Лев Островский сослался на опыт Америки, где понятие «научная провинция» вообще не связано с географией: «Я работаю в небольшом городе Боулдер в штате Колорадо с населением в 100 тысяч человек. Среди трёх нобелевских лауреатов по физике за 2001 год, двое — Эрик Корнелл и Карл Виман — работают в этом городке. В России, к сожалению, ситуация зачастую обратная: чем дальше от центра, тем уровень хуже».Из РАН в вузы — очень странная идея

Ещё одна тема, которую невозможно было не затронуть, касалась усиления в России вузовской науки. Как отметил академик Литвак, «сегодня это основная линия государства, которая направлена на создание конкурентной для Академии наук среды». Перевес внимания российских властей в сторону вузов подтверждается цифрами, которые привёл академик. Так, за этот год, сославшись на кризис, финансирование РАН сократилось на 11 процентов. Защищённой статьёй осталась только бюджетная зарплата, при этом вопросы о поддержке научных исследований и обновлении оборудования руководители должны решать сами.

«В стратегии российского возрождения науки меня ошеломляет перенос центра тяжести из Академии и отраслевых институтов в университеты, — говорит Сергей Зилитинкевич. —

Поражает, что Россия хочет перевести науку на прозападные рельсы развития в тот момент, когда в самой Европе чётко осознали тяжелейший кризис университетской системы и сейчас её реформируют».

Европейская наука триумфально развивалась с начала XII века, тогда была сосредоточена в университетах и частично в академиях. Но к концу XX столетия эта система, при которой каждый профессор независим в своём научном выборе, претерпела кризис. «Нынешняя реформа европейской науки, которая началась 20 лет назад, происходит на моих глазах, — рассказывает Зилитинкевич. — С большим болезненным эффектом наука преобразуется в систему, похожую на РАН. А в России в это же самое время начались акции по уничтожению Академии, чтобы присоединиться к европейскому кризису науки, и именно теперь, когда есть шанс следовать своему пути. Безусловно, нужно использовать европейский опыт, но положительный, а не повторять чужих ошибок».

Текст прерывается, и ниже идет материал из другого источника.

lemma has_integral_RJ_weighted:
  fixes x y z p :: real
  assumes "x > 0" "y > 0" "z > 0" "p > 0"
  defines "g \<equiv> sqrt (y * z)"
  shows "((\<lambda>t. (1 / sqrt t - 1 / sqrt (t + x)) * RJ_weight y z p t) has_integral
           2 * sqrt x + 2 / 3 * g * p * (carlson_RJ x y z p - carlson_RJ 0 y z p)) {0<..}"
proof -
  define I where "I c t = 1 / (sqrt ((t + c) * (t + y) * (t + z)) * (t + p))" for c t
  define J where "J c = integral {0<..} (I c)" for c
  have RJ: "carlson_RJ c y z p = 3 / 2 * J c" for c
    unfolding J_def I_def by (rule carlson_RJ_eq_integral_Ioi)
  have "(I c has_integral J c) {0<..}" if "c \<ge> 0" for c
    using RJ_integrand_integrable[OF that assms(2-4)] unfolding I_def J_def
    by (simp add: integrable_integral)
  then have "((\<lambda>t. (1 / sqrt t - 1 / sqrt (t + x)) - g * p * (I 0 t - I x t)) has_integral
      2 * sqrt x - g * p * (J 0 - J x)) {0<..}"
    using assms(1)
    by (intro has_integral_diff has_integral_mult_right has_integral_one_div_sqrt_diff) auto
  moreover have "2 * sqrt x - g * p * (J 0 - J x) =
      2 * sqrt x + 2 / 3 * g * p * (carlson_RJ x y z p - carlson_RJ 0 y z p)"
    unfolding RJ by (simp add: algebra_simps)
  moreover have "(1 / sqrt t - 1 / sqrt (t + x)) - g * p * (I 0 t - I x t) =
      (1 / sqrt t - 1 / sqrt (t + x)) * RJ_weight y z p t" if "t \<in> {0<..}" for t
  proof -
    define Q where "Q = sqrt ((t + y) * (t + z))"
    have "t > 0" "Q > 0"
      using that assms by (auto simp: Q_def)
    have "I c t = 1 / (sqrt (t + c) * Q * (t + p))" for c
      unfolding I_def Q_def by (simp add: real_sqrt_mult mult.assoc)
    then have "I 0 t - I x t = 1 / (sqrt t * Q * (t + p)) - 1 / (sqrt (t + x) * Q * (t + p))"
      by simp
    also have "\<dots> = (1 / sqrt t - 1 / sqrt (t + x)) / (Q * (t + p))"
      by (simp add: diff_divide_distrib mult.assoc)
    finally have I_diff: "I 0 t - I x t = (1 / sqrt t - 1 / sqrt (t + x)) / (Q * (t + p))" .
    have "F - g * p * (F / (Q * (t + p))) = F * (1 - g / Q * (p / (t + p)))" for F
      using \<open>t > 0\<close> \<open>Q > 0\<close> assms(4) by (simp add: field_simps)
    then show ?thesis
      unfolding I_diff RJ_weight_def g_def[symmetric] Q_def[symmetric] .
  qed
  ultimately show ?thesis
    by (metis (no_types, lifting) has_integral_eq)
qed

«На мой взгляд, идея трансформации науки в сторону университетской очень странная, — соглашается Александр Бакланов. — Я на Западе всем привожу в пример организацию Новосибирского научного центра как прекрасного симбиоза академической и университетской науки. Может быть, вернуться к такой форме? Она гораздо более эффективна, и в Европе к ней сейчас приходят. Не надо наступать на те грабли, через которые уже где-то прошли».

И ещё одна точка зрения, по поводу которой у участников дискуссии не возникло никаких споров: учёные сами должны пропагандировать свои достижения, используя для этого все возможности. Академик Захаров подчеркнул: «У людей, находящихся «наверху», совершенно нет понятия о том, в каком состоянии сегодня российская наука. Они имеют абсолютно ложные представления об этом. Им постоянно твердят, что Академия наук — это сборище бездельников и в доказательство приводят список статей, опубликованных людьми, работающими в вузах. Да, наука сильно пострадала, но она жива, об этом можно судить по этой конференции, и поэтому нам надо самим понять, что сегодня делать. Прежде всего нам важно сегодня доказывать, что мы есть и что мы живы!»